* **What is needed**
Wherever "close" shows up in the records below, copy the whole line.

* **Data entries**
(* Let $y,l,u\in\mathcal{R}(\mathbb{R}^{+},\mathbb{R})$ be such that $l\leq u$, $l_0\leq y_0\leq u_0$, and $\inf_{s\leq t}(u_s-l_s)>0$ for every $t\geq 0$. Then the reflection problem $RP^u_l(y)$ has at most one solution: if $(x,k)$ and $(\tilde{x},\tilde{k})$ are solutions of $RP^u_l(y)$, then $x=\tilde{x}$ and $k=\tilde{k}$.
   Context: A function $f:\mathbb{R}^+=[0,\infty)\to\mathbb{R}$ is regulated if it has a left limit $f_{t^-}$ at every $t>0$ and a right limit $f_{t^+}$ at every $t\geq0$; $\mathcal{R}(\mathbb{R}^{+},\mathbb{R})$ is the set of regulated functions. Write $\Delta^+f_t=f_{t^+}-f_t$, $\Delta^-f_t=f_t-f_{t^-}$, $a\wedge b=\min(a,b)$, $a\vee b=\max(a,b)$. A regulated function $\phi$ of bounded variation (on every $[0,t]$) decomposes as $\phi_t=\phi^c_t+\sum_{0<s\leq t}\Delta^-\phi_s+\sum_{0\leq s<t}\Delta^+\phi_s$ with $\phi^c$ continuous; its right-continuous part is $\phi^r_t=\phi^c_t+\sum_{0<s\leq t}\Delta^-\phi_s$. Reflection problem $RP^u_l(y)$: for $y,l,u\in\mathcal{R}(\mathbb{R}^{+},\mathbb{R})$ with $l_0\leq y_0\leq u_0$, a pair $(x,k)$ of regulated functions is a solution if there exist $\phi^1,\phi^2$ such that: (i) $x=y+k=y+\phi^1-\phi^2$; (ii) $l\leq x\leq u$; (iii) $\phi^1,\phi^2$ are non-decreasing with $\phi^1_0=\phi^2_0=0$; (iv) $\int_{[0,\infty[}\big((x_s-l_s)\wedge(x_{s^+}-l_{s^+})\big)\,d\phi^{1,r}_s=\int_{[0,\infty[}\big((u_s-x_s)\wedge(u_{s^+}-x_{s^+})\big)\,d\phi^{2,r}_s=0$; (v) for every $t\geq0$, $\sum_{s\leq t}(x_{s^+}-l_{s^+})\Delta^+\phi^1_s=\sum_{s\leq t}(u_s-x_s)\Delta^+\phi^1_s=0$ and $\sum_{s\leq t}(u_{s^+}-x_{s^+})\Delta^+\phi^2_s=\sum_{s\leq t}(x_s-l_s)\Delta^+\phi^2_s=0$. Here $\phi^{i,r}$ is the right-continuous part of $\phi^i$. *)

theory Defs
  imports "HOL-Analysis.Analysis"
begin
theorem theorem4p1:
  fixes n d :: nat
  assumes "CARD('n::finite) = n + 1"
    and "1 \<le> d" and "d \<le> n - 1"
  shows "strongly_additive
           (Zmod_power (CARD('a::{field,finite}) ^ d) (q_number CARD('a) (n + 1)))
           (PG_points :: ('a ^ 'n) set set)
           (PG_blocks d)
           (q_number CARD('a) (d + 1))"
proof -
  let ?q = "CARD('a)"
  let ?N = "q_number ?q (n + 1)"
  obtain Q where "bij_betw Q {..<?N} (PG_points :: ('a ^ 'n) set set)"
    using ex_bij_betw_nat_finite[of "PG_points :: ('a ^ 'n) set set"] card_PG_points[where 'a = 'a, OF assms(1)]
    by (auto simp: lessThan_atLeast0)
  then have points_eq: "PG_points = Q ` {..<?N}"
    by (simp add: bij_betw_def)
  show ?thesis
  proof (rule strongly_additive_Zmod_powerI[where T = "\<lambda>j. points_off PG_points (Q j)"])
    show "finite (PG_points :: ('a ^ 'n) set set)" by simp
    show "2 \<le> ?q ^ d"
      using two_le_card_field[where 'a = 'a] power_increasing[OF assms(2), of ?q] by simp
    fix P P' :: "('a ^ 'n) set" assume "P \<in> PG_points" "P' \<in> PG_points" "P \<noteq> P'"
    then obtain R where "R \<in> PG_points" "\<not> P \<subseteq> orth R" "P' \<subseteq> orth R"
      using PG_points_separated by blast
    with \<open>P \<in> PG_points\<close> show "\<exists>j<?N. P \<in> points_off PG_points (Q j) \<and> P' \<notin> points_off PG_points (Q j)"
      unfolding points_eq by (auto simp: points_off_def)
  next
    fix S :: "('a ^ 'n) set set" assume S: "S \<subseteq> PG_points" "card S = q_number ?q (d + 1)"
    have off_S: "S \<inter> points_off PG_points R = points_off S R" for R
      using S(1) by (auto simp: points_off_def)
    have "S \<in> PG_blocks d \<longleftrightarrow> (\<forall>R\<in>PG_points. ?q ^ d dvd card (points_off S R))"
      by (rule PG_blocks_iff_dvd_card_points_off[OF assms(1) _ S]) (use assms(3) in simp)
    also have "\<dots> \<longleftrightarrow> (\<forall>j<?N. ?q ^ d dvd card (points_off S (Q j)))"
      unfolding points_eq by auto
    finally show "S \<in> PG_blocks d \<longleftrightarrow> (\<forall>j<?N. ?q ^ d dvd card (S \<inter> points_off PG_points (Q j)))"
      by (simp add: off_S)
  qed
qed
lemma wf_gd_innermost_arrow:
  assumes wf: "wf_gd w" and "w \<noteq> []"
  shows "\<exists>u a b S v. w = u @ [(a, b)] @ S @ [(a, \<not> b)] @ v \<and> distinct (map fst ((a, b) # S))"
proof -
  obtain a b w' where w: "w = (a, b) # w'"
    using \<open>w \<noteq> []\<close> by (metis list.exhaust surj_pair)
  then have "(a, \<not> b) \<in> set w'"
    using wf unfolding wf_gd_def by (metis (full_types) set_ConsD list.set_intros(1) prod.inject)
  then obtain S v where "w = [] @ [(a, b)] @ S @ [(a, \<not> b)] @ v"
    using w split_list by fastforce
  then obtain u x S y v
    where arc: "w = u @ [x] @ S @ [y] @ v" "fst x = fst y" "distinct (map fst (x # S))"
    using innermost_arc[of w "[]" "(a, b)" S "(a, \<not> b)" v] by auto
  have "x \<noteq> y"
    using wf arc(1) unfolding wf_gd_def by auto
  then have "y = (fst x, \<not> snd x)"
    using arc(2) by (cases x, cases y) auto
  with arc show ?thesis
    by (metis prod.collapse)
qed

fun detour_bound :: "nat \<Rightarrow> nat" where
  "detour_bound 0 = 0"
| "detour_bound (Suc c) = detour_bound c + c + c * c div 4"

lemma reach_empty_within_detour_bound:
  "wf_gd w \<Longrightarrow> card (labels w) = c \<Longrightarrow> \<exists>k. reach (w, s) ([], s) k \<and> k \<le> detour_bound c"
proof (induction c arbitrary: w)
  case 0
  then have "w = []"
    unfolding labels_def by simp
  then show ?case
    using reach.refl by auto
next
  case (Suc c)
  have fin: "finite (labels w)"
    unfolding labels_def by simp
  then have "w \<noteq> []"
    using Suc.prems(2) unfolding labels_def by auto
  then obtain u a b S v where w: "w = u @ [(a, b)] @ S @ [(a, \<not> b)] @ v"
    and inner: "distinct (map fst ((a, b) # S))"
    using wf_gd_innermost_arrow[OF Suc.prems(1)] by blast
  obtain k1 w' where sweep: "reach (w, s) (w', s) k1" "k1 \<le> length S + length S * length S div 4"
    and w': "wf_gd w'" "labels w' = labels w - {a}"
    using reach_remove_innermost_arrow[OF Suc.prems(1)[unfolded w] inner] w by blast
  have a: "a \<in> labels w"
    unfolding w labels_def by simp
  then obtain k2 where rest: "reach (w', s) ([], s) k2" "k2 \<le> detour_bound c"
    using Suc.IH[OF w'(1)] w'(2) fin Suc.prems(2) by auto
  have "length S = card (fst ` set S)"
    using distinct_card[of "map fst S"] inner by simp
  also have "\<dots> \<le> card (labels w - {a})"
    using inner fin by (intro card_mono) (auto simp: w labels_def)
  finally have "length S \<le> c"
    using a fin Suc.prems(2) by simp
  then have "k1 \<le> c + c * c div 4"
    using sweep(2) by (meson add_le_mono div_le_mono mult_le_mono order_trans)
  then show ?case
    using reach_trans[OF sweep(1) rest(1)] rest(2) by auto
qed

* **Result for this task**
    with \<open>P \<in> PG_points\<close> show "\<exists>j<?N. P \<in> points_off PG_points (Q j) \<and> P' \<notin> points_off PG_points (Q j)"
    using \<open>w \<noteq> []\<close> by (metis list.exhaust surj_pair)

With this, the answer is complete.